- EXERCISE -
Copy out, from the data, each line containing the string "cases".
#### GIVEN ENTRIES ####
(* Let $k, m, s$ be positive integers with $m \geq 2$, $s \leq k-2$ and $m 2^{-s} \leq 1/4$, let $n = km$, and let $\mathcal{F} \subset \mathcal{P}([n])$ be constructed as follows: partition $[n]$ into blocks $B_1,\ldots,B_m$ with $|B_i| = k$, choose $T_i \subset B_i$ with $|T_i| = s$, put $T = \bigcup_i T_i$, and let $\mathcal{F}$ be the union-closed family generated by $\{B_i \cup \{t\} : i \in [m],\ t \in T\}$. Then: (i) for every $x \in [n]\setminus T$, $\frac{1}{m} \leq \gamma_x \leq \frac{2}{m}$; (ii) for every $x \in T$, $\frac12 \leq \gamma_x \leq 1$; (iii) $\displaystyle \frac{1}{m} \leq \mathrm{AOD}(\mathcal{F}) \leq \frac{2}{m} + \frac{m^2 s}{n}$.
   Context: $[n] = \{1,\ldots,n\}$. A family of sets is union-closed if it contains the union of any two of its members; the union-closed family generated by $\mathcal{G}$ is the smallest union-closed family containing $\mathcal{G}$. For a finite nonempty family $\mathcal{F} \subset \mathcal{P}(X)$ and $x \in X$, the abundance is $\gamma_x = |\{A \in \mathcal{F} : x \in A\}|/|\mathcal{F}|$. For $\mathcal{F} \neq \emptyset,\{\emptyset\}$, the average overlap density is $\mathrm{AOD}(\mathcal{F}) = \frac{1}{|\mathcal{F}\setminus\{\emptyset\}|}\sum_{A \in \mathcal{F}\setminus\{\emptyset\}} \frac{1}{|A|}\sum_{x \in A}\gamma_x$. *)

theory Defs
  imports Complex_Main
begin

definition union_closed :: "'a set set \<Rightarrow> bool" where
  "union_closed F \<longleftrightarrow> (\<forall>A\<in>F. \<forall>B\<in>F. A \<union> B \<in> F)"

definition uc_generated :: "'a set set \<Rightarrow> 'a set set" where
  "uc_generated G = \<Inter>{F. G \<subseteq> F \<and> union_closed F}"

definition abundance :: "'a set set \<Rightarrow> 'a \<Rightarrow> real" where
  "abundance F x = real (card {A\<in>F. x \<in> A}) / real (card F)"

definition AOD :: "'a set set \<Rightarrow> real" where
  "AOD F = (1 / real (card (F - {{}}))) *
     (\<Sum>A\<in>F - {{}}. (1 / real (card A)) * (\<Sum>x\<in>A. abundance F x))"

end

theory Submission
  imports Defs "HOL-Library.FuncSet" "HOL-Library.Disjoint_Sets"
begin

(* The union-closed family generated by the sets B_i \<union> {t} consists exactly of the sets
   A \<subseteq> [n] whose trace on each block B_i is either B_i or a subset of T_i, at least one
   trace being a full block.  Traces on different blocks can be chosen independently, so with
   q = 2^s the family has (q+1)^m - q^m members, and a point x \<notin> T, say x \<in> B_j, lies in
   the (q+1)^(m-1) members containing B_j; Bernoulli's inequality puts this ratio between 1/m
   and 2/m once q \<ge> m - 2.  For x \<in> T, adding x to a member gives a member, so at least half
   of the members contain x.  The AOD bounds follow by averaging: each member has at least k
   elements, at most ms of which lie in T. *)

lemma succ_power_diff_le:
  fixes q :: real
  assumes "0 \<le> q"
  shows "(q + 1) ^ Suc j - q ^ Suc j \<le> real (Suc j) * (q + 1) ^ j"
proof -
  have "1 - real (Suc j) / (q + 1) \<le> (q / (q + 1)) ^ Suc j"
    using Bernoulli_inequality[of "- 1 / (q + 1)" "Suc j"] assms by (simp add: field_simps)
  then have "(q + 1) ^ Suc j * (1 - real (Suc j) / (q + 1)) \<le> (q + 1) ^ Suc j * (q / (q + 1)) ^ Suc j"
    using assms by (intro mult_left_mono) auto
  also have "\<dots> = q ^ Suc j"
    using assms by (simp add: power_divide)
  also have "(q + 1) ^ Suc j * (1 - real (Suc j) / (q + 1)) = (q + 1) ^ Suc j - real (Suc j) * (q + 1) ^ j"
    using assms by (simp add: field_simps)
  finally show ?thesis by simp
qed

lemma succ_power_diff_ge:
  fixes q :: real
  assumes "0 < q" "real (Suc j) \<le> q + 2"
  shows "real (Suc j) * (q + 1) ^ j \<le> 2 * ((q + 1) ^ Suc j - q ^ Suc j)"
proof -
  have "1 + real (Suc j) / q \<le> ((q + 1) / q) ^ Suc j"
    using Bernoulli_inequality[of "1 / q" "Suc j"] assms by (simp add: field_simps)
  then have "q ^ Suc j * (1 + real (Suc j) / q) \<le> q ^ Suc j * ((q + 1) / q) ^ Suc j"
    using assms by (intro mult_left_mono) auto
  also have "\<dots> = (q + 1) ^ Suc j"
    using assms by (simp add: power_divide)
  also have "q ^ Suc j * (1 + real (Suc j) / q) = q ^ Suc j + real (Suc j) * q ^ j"
    using assms by (simp add: field_simps)
  finally have Bq: "q ^ Suc j + real (Suc j) * q ^ j \<le> (q + 1) ^ Suc j" .
  \<comment> \<open>after multiplying by \<open>q + Suc j\<close>, the claim follows from \<open>Bq\<close> and \<open>q + Suc j \<le> 2 * (q + 1)\<close>\<close>
  have "(q + real (Suc j)) * (real (Suc j) * (q + 1) ^ j)
      \<le> (q + real (Suc j)) * (2 * ((q + 1) ^ Suc j - q ^ Suc j))"
  proof -
    have "2 * q * ((q + real (Suc j)) * q ^ j) \<le> 2 * q * ((q + 1) * (q + 1) ^ j)"
      using Bq assms by (intro mult_left_mono) (auto simp: algebra_simps)
    moreover have "(q + real (Suc j)) * (q + 1) ^ j \<le> 2 * (q + 1) * (q + 1) ^ j"
      using assms by (intro mult_right_mono) auto
    then have "real (Suc j) * ((q + real (Suc j)) * (q + 1) ^ j) \<le> real (Suc j) * (2 * (q + 1) * (q + 1) ^ j)"
      by (intro mult_left_mono) auto
    ultimately show ?thesis by (simp add: algebra_simps)
  qed
  then show ?thesis
    using assms by (simp add: mult_le_cancel_left_pos add_pos_nonneg)
qed

lemma succ_power_ratio_bounds:
  fixes q :: real
  assumes "0 < q" "1 \<le> m" "real m \<le> q + 2"
  shows "1 / real m \<le> (q + 1) ^ (m - 1) / ((q + 1) ^ m - q ^ m)"
    and "(q + 1) ^ (m - 1) / ((q + 1) ^ m - q ^ m) \<le> 2 / real m"
proof -
  obtain j where m: "m = Suc j" using assms(2) by (cases m) auto
  have "q ^ m < (q + 1) ^ m"
    using assms m by (intro power_strict_mono) auto
  then have pos: "0 < (q + 1) ^ m - q ^ m" by simp
  show "1 / real m \<le> (q + 1) ^ (m - 1) / ((q + 1) ^ m - q ^ m)"
    using succ_power_diff_le[of q j] assms pos m by (simp add: field_simps)
  show "(q + 1) ^ (m - 1) / ((q + 1) ^ m - q ^ m) \<le> 2 / real m"
    using succ_power_diff_ge[of q j] assms pos m by (simp add: field_simps)
qed

lemma abundance_le_1: "abundance F x \<le> 1"
proof (cases "finite F")
  case True
  then have "card {A \<in> F. x \<in> A} \<le> card F" by (intro card_mono) auto
  then show ?thesis
    unfolding abundance_def by (cases "card F = 0") (auto simp: divide_le_eq_1)
qed (simp add: abundance_def)

lemma abundance_ge_half:
  assumes "finite F" "F \<noteq> {}" "\<And>A. A \<in> F \<Longrightarrow> insert x A \<in> F"
  shows "1 / 2 \<le> abundance F x"
proof -
  have "inj_on (insert x) {A \<in> F. x \<notin> A}"
    by (rule inj_onI) (metis (no_types, lifting) Diff_insert_absorb mem_Collect_eq)
  moreover have "insert x ` {A \<in> F. x \<notin> A} \<subseteq> {A \<in> F. x \<in> A}"
    using assms(3) by auto
  ultimately have le: "card {A \<in> F. x \<notin> A} \<le> card {A \<in> F. x \<in> A}"
    using assms(1) by (intro card_inj_on_le) auto
  have "card F = card {A \<in> F. x \<in> A} + card {A \<in> F. x \<notin> A}"
    using assms(1) by (subst card_Un_disjoint[symmetric]) (auto intro: arg_cong[where f = card])
  with le have "real (card F) \<le> 2 * real (card {A \<in> F. x \<in> A})" by simp
  moreover have "0 < real (card F)" using assms(1,2) by (simp add: card_gt_0_iff)
  ultimately show ?thesis
    unfolding abundance_def by (simp add: field_simps)
qed

lemma mean_ge:
  fixes f :: "'a \<Rightarrow> real"
  assumes "finite A" "A \<noteq> {}" "\<And>x. x \<in> A \<Longrightarrow> a \<le> f x"
  shows "a \<le> (1 / real (card A)) * (\<Sum>x\<in>A. f x)"
  using sum_bounded_below[of A a f] assms by (simp add: field_simps card_gt_0_iff)

lemma mean_le:
  fixes f :: "'a \<Rightarrow> real"
  assumes "finite A" "A \<noteq> {}" "\<And>x. x \<in> A \<Longrightarrow> f x \<le> b"
  shows "(1 / real (card A)) * (\<Sum>x\<in>A. f x) \<le> b"
  using sum_bounded_above[of A f b] assms by (simp add: field_simps card_gt_0_iff)

lemma AOD_bounds:
  assumes "finite F" "F - {{}} \<noteq> {}"
    and "\<And>A. A \<in> F - {{}} \<Longrightarrow> a \<le> (1 / real (card A)) * (\<Sum>x\<in>A. abundance F x)"
    and "\<And>A. A \<in> F - {{}} \<Longrightarrow> (1 / real (card A)) * (\<Sum>x\<in>A. abundance F x) \<le> b"
  shows "a \<le> AOD F" and "AOD F \<le> b"
  unfolding AOD_def
  by (rule mean_ge mean_le; use assms in simp)+

lemma Union_mem_if_union_closed:
  assumes "union_closed F" "finite S" "S \<noteq> {}" "S \<subseteq> F"
  shows "\<Union>S \<in> F"
  using assms(2-4)
proof (induction S rule: finite_ne_induct)
  case (insert A S)
  then show ?case using assms(1) unfolding union_closed_def by simp
qed simp

lemma uc_generated_eqI:
  assumes "G \<subseteq> F" "union_closed F"
    and "\<And>A. A \<in> F \<Longrightarrow> \<exists>S. S \<subseteq> G \<and> finite S \<and> S \<noteq> {} \<and> \<Union>S = A"
  shows "uc_generated G = F"
proof
  show "uc_generated G \<subseteq> F"
    unfolding uc_generated_def using assms(1,2) by (intro Inter_lower) simp
  show "F \<subseteq> uc_generated G"
    unfolding uc_generated_def
    using assms(3) by (force intro: Union_mem_if_union_closed)
qed

lemma UN_Int_disjoint_family:
  assumes "disjoint_family_on B I" "\<And>j. j \<in> I \<Longrightarrow> f j \<subseteq> B j" "i \<in> I"
  shows "(\<Union>j\<in>I. f j) \<inter> B i = f i"
proof
  show "f i \<subseteq> (\<Union>j\<in>I. f j) \<inter> B i" using assms(2,3) by blast
  show "(\<Union>j\<in>I. f j) \<inter> B i \<subseteq> f i"
    using assms unfolding disjoint_family_on_def by fastforce
qed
####
- RESULT OF THE TASK -
  obtain j where m: "m = Suc j" using assms(2) by (cases m) auto
proof (cases "finite F")
    unfolding abundance_def by (cases "card F = 0") (auto simp: divide_le_eq_1)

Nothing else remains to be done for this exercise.